Thursday, May 19, 2011

Lonely Planets

There may be more starless planets in the Milky Way than there are stars. Using a new planet detection technology known as micro-lensing, astronomers have detected Jupiter-sized planets too far from stars to be part of ordinary solar systems:

The new work was done using a method known as gravitational microlensing, which is more sensitive to planets farther out. It relies on the ability of the gravitational field of a massive object — in this case a planet and its star — to bend light and act as a magnifying lens, as predicted by Einstein’s general theory of relativity.
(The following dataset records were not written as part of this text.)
lemma cover_map_model_surface:
  fixes v :: "nat \<Rightarrow> real^2" and D :: "nat \<Rightarrow> (real^2) set"
  assumes prim: "\<And>j. j \<in> {1,2,3} \<Longrightarrow> primitive_vec (v j)"
    and v3: "v 3 = - (v 1 + v 2)" and det: "det2 (v 1) (v 2) \<noteq> 0"
  shows "cover_map (v 1) (v 2) ` model_surface (D 1) (D 2) (D 3) =
    (\<Union>j\<in>{1,2,3}. D j \<times> circle_subgroup (v j)) \<union>
    {0} \<times> (torus_map \<circ> from_coords (v 1) (v 2)) ` {w. frac (w$2) \<le> frac (w$1)}"
    (is "cover_map ?a ?b ` ?M = ?\<Sigma>\<^sub>0 \<union> ?Q")
proof (intro equalityI subsetI)
  fix x assume "x \<in> cover_map ?a ?b ` ?M"
  then obtain q w where qw: "(q, w) \<in> ?M" "x = (q, torus_map (from_coords ?a ?b w))"
    by (auto simp: cover_map_def)
  have circle: "torus_map (from_coords ?a ?b w) \<in> circle_subgroup (v j)"
    if "j \<in> {1,2,3}" "det2 (v j) (from_coords ?a ?b w) \<in> \<int>" for j
    using that prim by (intro torus_map_in_circle_subgroup) auto
  from qw(1) consider "q \<in> D 1" "w$2 \<in> \<int>" | "q \<in> D 2" "w$1 \<in> \<int>" | "q \<in> D 3" "w$1 - w$2 \<in> \<int>"
    | "q = 0" "frac (w$2) \<le> frac (w$1)"
    by (auto simp: model_surface_def)
  then show "x \<in> ?\<Sigma>\<^sub>0 \<union> ?Q"
  proof cases
    case 1 with circle[of 1] show ?thesis using qw(2) det2_from_coords[OF det] by auto
  next
    case 2 with circle[of 2] show ?thesis using qw(2) det2_from_coords[OF det] by auto
  next
    case 3 with circle[of 3] show ?thesis using qw(2) det2_from_coords[OF det] v3 by auto
  qed (use qw(2) in auto)
next
  fix x assume "x \<in> ?\<Sigma>\<^sub>0 \<union> ?Q"
  then consider (circle) j q t where "j \<in> {1,2,3}" "q \<in> D j" "x = (q, torus_map (t *\<^sub>R v j))"
    | (triangle) w where "frac (w$2) \<le> frac (w$1)" "x = (0, torus_map (from_coords ?a ?b w))"
    by (auto simp: circle_subgroup_def)
  then show "x \<in> cover_map ?a ?b ` ?M"
  proof cases
    case circle
    then have "(q, coords ?a ?b (t *\<^sub>R v j)) \<in> ?M"
      by (auto simp: model_surface_def coords_def v3 det2_commute[of "v 2" "v 1"])
    moreover have "x = cover_map ?a ?b (q, coords ?a ?b (t *\<^sub>R v j))"
      using circle(3) from_coords_coords[OF det, of "t *\<^sub>R v j"] by (simp add: cover_map_def)
    ultimately show ?thesis by blast
  next
    case triangle
    then have "(0, w) \<in> ?M" "x = cover_map ?a ?b (0, w)" by (simp_all add: model_surface_def cover_map_def)
    then show ?thesis by blast
  qed
qed

lemma edges_eq_rays:
  assumes "(D 1, D 2, D 3) \<in> {(edge1, edge2, edge3), (edge2, edge3, edge1), (edge3, edge1, edge2)}"
  obtains d1 d2 d3 where "D 1 = ray d1" "D 2 = ray d2" "D 3 = ray d3" "edge_dirs d1 d2 d3"
proof -
  have "edge_dir1 \<noteq> edge_dir2" "edge_dir1 \<noteq> edge_dir3" "edge_dir2 \<noteq> edge_dir3"
    by (auto simp: vec_eq_iff forall_2)
  with assms that show ?thesis
    by (auto simp: edge1_def edge2_def edge3_def edge_dirs_def)
qed

theorem lemma7p9:
  fixes v :: "nat \<Rightarrow> real^2" and D :: "nat \<Rightarrow> (real^2) set"
  assumes prim: "\<And>j. j \<in> {1,2,3} \<Longrightarrow> primitive_vec (v j)"
    and spans: "span {v 1, v 2, v 3} = UNIV"
    and sum0: "v 1 + v 2 + v 3 = 0"
    and edges: "(D 1, D 2, D 3) \<in> {(edge1, edge2, edge3), (edge2, edge3, edge1), (edge3, edge1, edge2)}"
  shows "\<exists>Q \<subseteq> {0::real^2} \<times> torus.
           pw_smooth_surface ((\<Union>j\<in>{1,2,3::nat}. D j \<times> circle_subgroup (v j)) \<union> Q)"
proof -
  have "v 3 = (v 1 + v 2 + v 3) - (v 1 + v 2)" by simp
  then have v3: "v 3 = - (v 1 + v 2)" unfolding sum0 by simp
  have "v 3 \<in> span {v 1, v 2}" unfolding v3 by (intro span_neg span_add span_base) auto
  then have "span {v 1, v 2} = UNIV" using spans span_redundant[of "v 3" "{v 1, v 2}"] by (simp add: insert_commute)
  then have det: "det2 (v 1) (v 2) \<noteq> 0" by (rule det2_neq_0_if_span_UNIV)
  obtain d1 d2 d3 where D: "D 1 = ray d1" "D 2 = ray d2" "D 3 = ray d3" "edge_dirs d1 d2 d3"
    using edges_eq_rays[OF edges] by blast
  have "integral_vec (v 1)" "integral_vec (v 2)" using prim by (auto simp: primitive_vec_def)
  then have "pw_smooth_surface (cover_map (v 1) (v 2) ` model_surface (D 1) (D 2) (D 3))"
    unfolding D(1-3) using det model_surface_add_integral_iff locally_pl_model_surface[OF D(4)]
    by (intro pw_smooth_surface_cover_map_image) auto
  moreover have "{0} \<times> (torus_map \<circ> from_coords (v 1) (v 2)) ` {w. frac (w$2) \<le> frac (w$1)} \<subseteq> {0} \<times> torus"
    by (auto simp: torus_def)
  ultimately show ?thesis using cover_map_model_surface[OF prim v3 det, of D] by auto
qed

end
Astronomers from two groups — Microlensing Observations in Astrophysics, based in New Zealand and Japan, and the Optical Gravitational Lensing Experiment, based in Poland and Chile — monitor the light from a vast field of background stars, looking for brief blips of increased brightness caused by a planet and its host star passing in the foreground.

The group recorded 10 such events consistent with being caused by planet-size objects but did not detect the corresponding blips from these planets’ host stars, suggesting either that they did not belong to any star, having been ejected by gravitational pinball games earlier in their lives, or that they were very distant.

The notion of a dark planet far from any star sounds like a story to me, perhaps a story of astronauts journeying to a giant planet somewhere between earth and the nearest star and finding moons with the frozen remnants of an alien outpost.